EXERCISE
Which lines of the listing below contain the word "thesis"? Copy each of them.

RECORDS SHOWN
lemma dpath_source_hd:
  assumes "dpath V E xs" "e \<in> set (path_edges xs)" "fst e \<in> set r"
  shows "fst e = hd xs"
proof -
  obtain k where k: "Suc k < length xs" "e = (xs ! k, xs ! Suc k)"
    using assms(2) by (auto simp: in_path_edges)
  have "k = 0"
  proof (rule ccontr)
    assume "k \<noteq> 0"
    moreover have "(xs ! (k - 1), xs ! Suc (k - 1)) \<in> E"
      using k by (intro dpath_edge[OF assms(1)] nth_edge_in_path_edges) simp
    ultimately show False
      using source_no_in_edge assms(3) k by simp
  qed
  then show ?thesis
    using k by (cases xs) auto
qed

lemma vertex_on_vertical_path:
  assumes ys: "dpath V E ys" "\<forall>w\<in>set ys. \<alpha> w = \<alpha> p"
    and p: "p \<in> V" "\<beta> (last ys) \<le> \<beta> p" "\<beta> p \<le> \<beta> (hd ys)"
  shows "p \<in> set ys"
proof -
  have "ys \<noteq> []"
    using ys(1) by (simp add: dpath_def)
  from path_meets_level[OF this p(2,3)] show ?thesis
  proof (elim disjE bexE)
    fix w assume w: "w \<in> set ys" "\<beta> w = \<beta> p"
    then have "p = w"
      using ys coords_inj[OF p(1), of w] by (auto simp: dpath_def)
    then show ?thesis
      using w(1) by simp
  next
    fix e assume e: "e \<in> set (path_edges ys)" "\<beta> (snd e) < \<beta> p \<and> \<beta> p < \<beta> (fst e)"
    have ends: "fst e \<in> set ys" "snd e \<in> set ys"
      using e(1) by (auto simp: in_path_edges)
    then have "pt \<alpha> \<beta> p \<in> closed_segment (pt \<alpha> \<beta> (fst e)) (pt \<alpha> \<beta> (snd e))"
      using vertical_closed_segment[of "\<beta> (snd e)" "\<beta> p" "\<beta> (fst e)" "\<alpha> p"] e(2) ys(2)
      by (simp add: pt_def)
    then show ?thesis
      using vertex_on_edge[OF p(1), of "fst e" "snd e"] dpath_edge[OF ys(1) e(1)] ends by auto
  qed
qed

RESPONSE TO THIS EXERCISE
  then show ?thesis
  from path_meets_level[OF this p(2,3)] show ?thesis
    then show ?thesis
    then show ?thesis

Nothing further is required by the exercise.